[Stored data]
(* Suppose Assumptions 1–4 hold and the scale function is $s(t)=t$ (on $(0,\infty)$) or $s(t)=\exp(t)$ (on $\mathbb{R}$). Let $\theta^*=(\beta^*,\gamma^* )$ be the unique minimizer of $Q$ over $\Theta$. Then $$E\Big[\frac{1}{s(X'\gamma^* )}(Y-X'\beta^* )^2\Big]\le E\big[(Y-X'\beta_{LS})^2\big]^{1/2},$$ with equality if and only if $\theta^*=\theta_{LS}$.
   Context: Let $Y$ be a scalar random variable and $X$ a random $k\times1$ vector whose first component equals $1$; let $\mathcal{X}$ denote the support of $X$. Write $\mu(X)=E[Y\mid X]$ and $\sigma(X)^2=E[(Y-\mu(X))^2\mid X]$. Let $s$ be a positive scale function, write $s_j(t)=\partial^j s(t)/\partial t^j$ for $j=1,2,3$, and set $\Theta_\gamma=\{\gamma\in\mathbb{R}^k:\Pr[s(X'\gamma)>0]=1\}$ and $\Theta=\mathbb{R}^k\times\Theta_\gamma$. For $\theta=(\beta,\gamma)\in\Theta$ put $e(Y,X,\theta)=(Y-X'\beta)/s(X'\gamma)$ and $Q(\theta)=E\big[\tfrac12\{e(Y,X,\theta)^2+1\}s(X'\gamma)\big]$. OLS solution: let $\Theta_{\gamma,LS}=\{\gamma\in\mathbb{R}:s(\gamma)>0\}$ and $(\beta_{LS},\gamma_{LS})=\arg\min_{(\beta,\gamma)\in\mathbb{R}^k\times\Theta_{\gamma,LS}}E\big[\tfrac12\{((Y-X'\beta)/s(\gamma))^2+1\}s(\gamma)\big]$; set $\theta_{LS}=(\beta_{LS},(\gamma_{LS},0_{k-1}))\in\Theta$. Assumption 1: for $a=0$ or $a=-\infty$, $s:(a,\infty)\to(0,\infty)$ is three times differentiable, strictly increasing and convex, with $\lim_{t\to a}s(t)=0$ and $\lim_{t\to\infty}s(t)=\infty$. Assumption 2: $x\mapsto\sigma(x)^2$ is bounded away from $0$ uniformly on $\mathcal{X}$. Assumption 3: (i) $E[Y^4]<\infty$ and $E\|X\|^4<\infty$; (ii) for all $\gamma\in\Theta_\gamma$, $E[\|X\|^4s_2(X'\gamma)^2]<\infty$, $E[\|X\|^6s_3(X'\gamma)^2]<\infty$ and $E[\|X\|^6s_1(X'\gamma)^2s_2(X'\gamma)^2]<\infty$. Assumption 4: for all $\gamma\in\Theta_\gamma$, $E[XX'/s(X'\gamma)]$ is nonsingular. *)

theory Defs
  imports "HOL-Probability.Probability"
begin

definition sigmaX :: "'a measure \<Rightarrow> ('a \<Rightarrow> real^'k) \<Rightarrow> 'a measure" where
  "sigmaX M X = vimage_algebra (space M) X borel"

definition cond_mean :: "'a measure \<Rightarrow> ('a \<Rightarrow> real^'k) \<Rightarrow> ('a \<Rightarrow> real) \<Rightarrow> 'a \<Rightarrow> real" where
  "cond_mean M X Y = real_cond_exp M (sigmaX M X) Y"

definition cond_var :: "'a measure \<Rightarrow> ('a \<Rightarrow> real^'k) \<Rightarrow> ('a \<Rightarrow> real) \<Rightarrow> 'a \<Rightarrow> real" where
  "cond_var M X Y = real_cond_exp M (sigmaX M X) (\<lambda>\<omega>. (Y \<omega> - cond_mean M X Y \<omega>)\<^sup>2)"

definition Theta_g :: "'a measure \<Rightarrow> ('a \<Rightarrow> real^'k) \<Rightarrow> (real \<Rightarrow> real) \<Rightarrow> (real^'k) set" where
  "Theta_g M X s = {\<gamma>. AE \<omega> in M. s (X \<omega> \<bullet> \<gamma>) > 0}"

definition Qobj :: "'a measure \<Rightarrow> ('a \<Rightarrow> real) \<Rightarrow> ('a \<Rightarrow> real^'k) \<Rightarrow> (real \<Rightarrow> real)
    \<Rightarrow> real^'k \<Rightarrow> real^'k \<Rightarrow> ennreal" where
  "Qobj M Y X s \<beta> \<gamma> =
     (\<integral>\<^sup>+ \<omega>. ennreal ((((Y \<omega> - X \<omega> \<bullet> \<beta>) / s (X \<omega> \<bullet> \<gamma>))\<^sup>2 + 1) * s (X \<omega> \<bullet> \<gamma>) / 2) \<partial>M)"

definition QLS :: "'a measure \<Rightarrow> ('a \<Rightarrow> real) \<Rightarrow> ('a \<Rightarrow> real^'k) \<Rightarrow> (real \<Rightarrow> real)
    \<Rightarrow> real^'k \<Rightarrow> real \<Rightarrow> ennreal" where
  "QLS M Y X s \<beta> g =
     (\<integral>\<^sup>+ \<omega>. ennreal ((((Y \<omega> - X \<omega> \<bullet> \<beta>) / s g)\<^sup>2 + 1) * s g / 2) \<partial>M)"

end

theory Submission
  imports Defs
begin
(* Let $\tau\in(0,1]$ and suppose that $\alpha=(2/k)^{1/((2-\tau)d)}$ (in addition to $\alpha=2^{-r}$ for a positive integer $r$). Let $p$ be a positive integer. Then, under the Fast-Filter model described in the context, $$\mathbb{E}\Big[\sum_{i=1}^k|S_i|\Big]=2^{1/(2-\tau)}\,N\,k^{1-1/(2-\tau)}=O\big(Nk^{1-1/(2-\tau)}\big),$$ and, for every $i\in[k]$, $$\frac{k}{p}\,\big(\mathbb{E}[|S_i|]\big)^2=O\big(N^2k^{1-2/(2-\tau)}/p\big).$$
   Context: Let $G=(U,V,E)$ be a bipartite graph with $|U|=M$ and $|V|=N$. For $v\in V$ let $\Gamma(v)\subseteq U$ be its set of neighbours, and assume $|\Gamma(v)|=d\ge 1$ for every $v\in V$. Let $k=2^{m}$ and $\alpha=2^{-r}$, where $m,r$ are positive integers. Identify $[k]=\{1,\dots,k\}$ bijectively with the vector space $\mathrm{GF}(2)^m$ (for instance via the binary representation of $i-1$). Fast-Filter model: for each $u\in U$, independently draw a uniformly random matrix $A'_u\in\mathrm{GF}(2)^{r\times m}$ and a uniformly random vector $b'_u\in\mathrm{GF}(2)^{r}$; all of these are mutually independent. For $v\in V$, let $A^v$ be the $(dr)\times m$ matrix obtained by stacking the matrices $A'_u$, $u\in\Gamma(v)$, in a fixed order, and let $b^v\in\mathrm{GF}(2)^{dr}$ be obtained by stacking the $b'_u$, $u\in\Gamma(v)$, in the same order. For $i\in[k]$ (viewed as a vector in $\mathrm{GF}(2)^m$), the survival set is $S_i=\{v\in V: A^v i+b^v=0\}$, with arithmetic over $\mathrm{GF}(2)$. *)

theory Defs
  imports "HOL-Probability.Probability" "HOL-Library.Z2"
begin

text \<open>GF(2) is the field type bit. An r x m matrix over GF(2) is a function
  nat => nat => bit vanishing outside [0,r) x [0,m); a vector in GF(2)^r is a
  function nat => bit vanishing outside [0,r).\<close>

definition gf2_mats :: "nat \<Rightarrow> nat \<Rightarrow> (nat \<Rightarrow> nat \<Rightarrow> bit) set" where
  "gf2_mats r m = {A. \<forall>a b. (r \<le> a \<or> m \<le> b) \<longrightarrow> A a b = 0}"

definition gf2_vecs :: "nat \<Rightarrow> (nat \<Rightarrow> bit) set" where
  "gf2_vecs r = {x. \<forall>a. r \<le> a \<longrightarrow> x a = 0}"

text \<open>Identification of i in [k] = {1..2^m} with the binary representation of i-1.\<close>
definition idx_vec :: "nat \<Rightarrow> nat \<Rightarrow> bit" where
  "idx_vec i b = (if odd ((i - 1) div 2 ^ b) then 1 else 0)"

text \<open>The Fast-Filter sample space: for each u in U an independent uniform pair
  (A'_u, b'_u); jointly this is the uniform distribution on the product.\<close>
definition fast_filter_pmf :: "'u set \<Rightarrow> nat \<Rightarrow> nat \<Rightarrow>
    ('u \<Rightarrow> (nat \<Rightarrow> nat \<Rightarrow> bit) \<times> (nat \<Rightarrow> bit)) pmf" where
  "fast_filter_pmf U r m = pmf_of_set (PiE U (\<lambda>_. gf2_mats r m \<times> gf2_vecs r))"

text \<open>Stacked matrix/vector A^v and b^v for a fixed ordering (list) of Gamma(v).\<close>
definition stackA :: "'u list \<Rightarrow> nat \<Rightarrow> ('u \<Rightarrow> (nat \<Rightarrow> nat \<Rightarrow> bit) \<times> (nat \<Rightarrow> bit))
    \<Rightarrow> nat \<Rightarrow> nat \<Rightarrow> bit" where
  "stackA us r \<omega> a b = (if a < length us * r then fst (\<omega> (us ! (a div r))) (a mod r) b else 0)"

definition stackb :: "'u list \<Rightarrow> nat \<Rightarrow> ('u \<Rightarrow> (nat \<Rightarrow> nat \<Rightarrow> bit) \<times> (nat \<Rightarrow> bit))
    \<Rightarrow> nat \<Rightarrow> bit" where
  "stackb us r \<omega> a = (if a < length us * r then snd (\<omega> (us ! (a div r))) (a mod r) else 0)"

definition survival_set :: "'v set \<Rightarrow> ('v \<Rightarrow> 'u list) \<Rightarrow> nat \<Rightarrow> nat \<Rightarrow>
    ('u \<Rightarrow> (nat \<Rightarrow> nat \<Rightarrow> bit) \<times> (nat \<Rightarrow> bit)) \<Rightarrow> nat \<Rightarrow> 'v set" where
  "survival_set V ord r m \<omega> i = {v \<in> V. \<forall>a < length (ord v) * r.
      (\<Sum>b<m. stackA (ord v) r \<omega> a b * idx_vec i b) + stackb (ord v) r \<omega> a = 0}"

end

theory Submission
  imports Defs
begin

text \<open>A vertex \<open>v\<close> lies in \<open>S\<^sub>i\<close> iff every neighbour \<open>u\<close> of \<open>v\<close> satisfies
  \<open>A'\<^sub>u i + b'\<^sub>u = 0\<close>. For fixed \<open>i\<close> this determines \<open>b'\<^sub>u\<close> from \<open>A'\<^sub>u\<close>, so it has
  probability \<open>2\<^sup>-\<^sup>r\<close>; the pairs \<open>(A'\<^sub>u, b'\<^sub>u)\<close> are independent, hence
  \<open>P(v \<in> S\<^sub>i) = 2\<^sup>-\<^sup>r\<^sup>d = (2/k)\<^bsup>1/(2-\<tau>)\<^esup>\<close> by the choice of \<open>\<alpha>\<close>. Linearity of expectation
  gives \<open>E |S\<^sub>i| = N (2/k)\<^bsup>1/(2-\<tau>)\<^esup>\<close>, and both claims follow, the constant in the
  second one being \<open>2\<^bsup>2/(2-\<tau>)\<^esup> \<le> 4\<close>.\<close>

lemma bit_eq_iff_eq_1: "(x::bit) = y \<longleftrightarrow> (x = 1 \<longleftrightarrow> y = 1)"
  by (cases x; cases y) auto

Task statement: Only those lines of the entries above that run from the line containing "(\<Sum>b<m. stackA (ord" to the line containing "second one being", both included, should be transcribed exactly.

Response below:
      (\<Sum>b<m. stackA (ord v) r \<omega> a b * idx_vec i b) + stackb (ord v) r \<omega> a = 0}"

end

theory Submission
  imports Defs
begin

text \<open>A vertex \<open>v\<close> lies in \<open>S\<^sub>i\<close> iff every neighbour \<open>u\<close> of \<open>v\<close> satisfies
  \<open>A'\<^sub>u i + b'\<^sub>u = 0\<close>. For fixed \<open>i\<close> this determines \<open>b'\<^sub>u\<close> from \<open>A'\<^sub>u\<close>, so it has
  probability \<open>2\<^sup>-\<^sup>r\<close>; the pairs \<open>(A'\<^sub>u, b'\<^sub>u)\<close> are independent, hence
  \<open>P(v \<in> S\<^sub>i) = 2\<^sup>-\<^sup>r\<^sup>d = (2/k)\<^bsup>1/(2-\<tau>)\<^esup>\<close> by the choice of \<open>\<alpha>\<close>. Linearity of expectation
  gives \<open>E |S\<^sub>i| = N (2/k)\<^bsup>1/(2-\<tau>)\<^esup>\<close>, and both claims follow, the constant in the
  second one being \<open>2\<^bsup>2/(2-\<tau>)\<^esup> \<le> 4\<close>.\<close>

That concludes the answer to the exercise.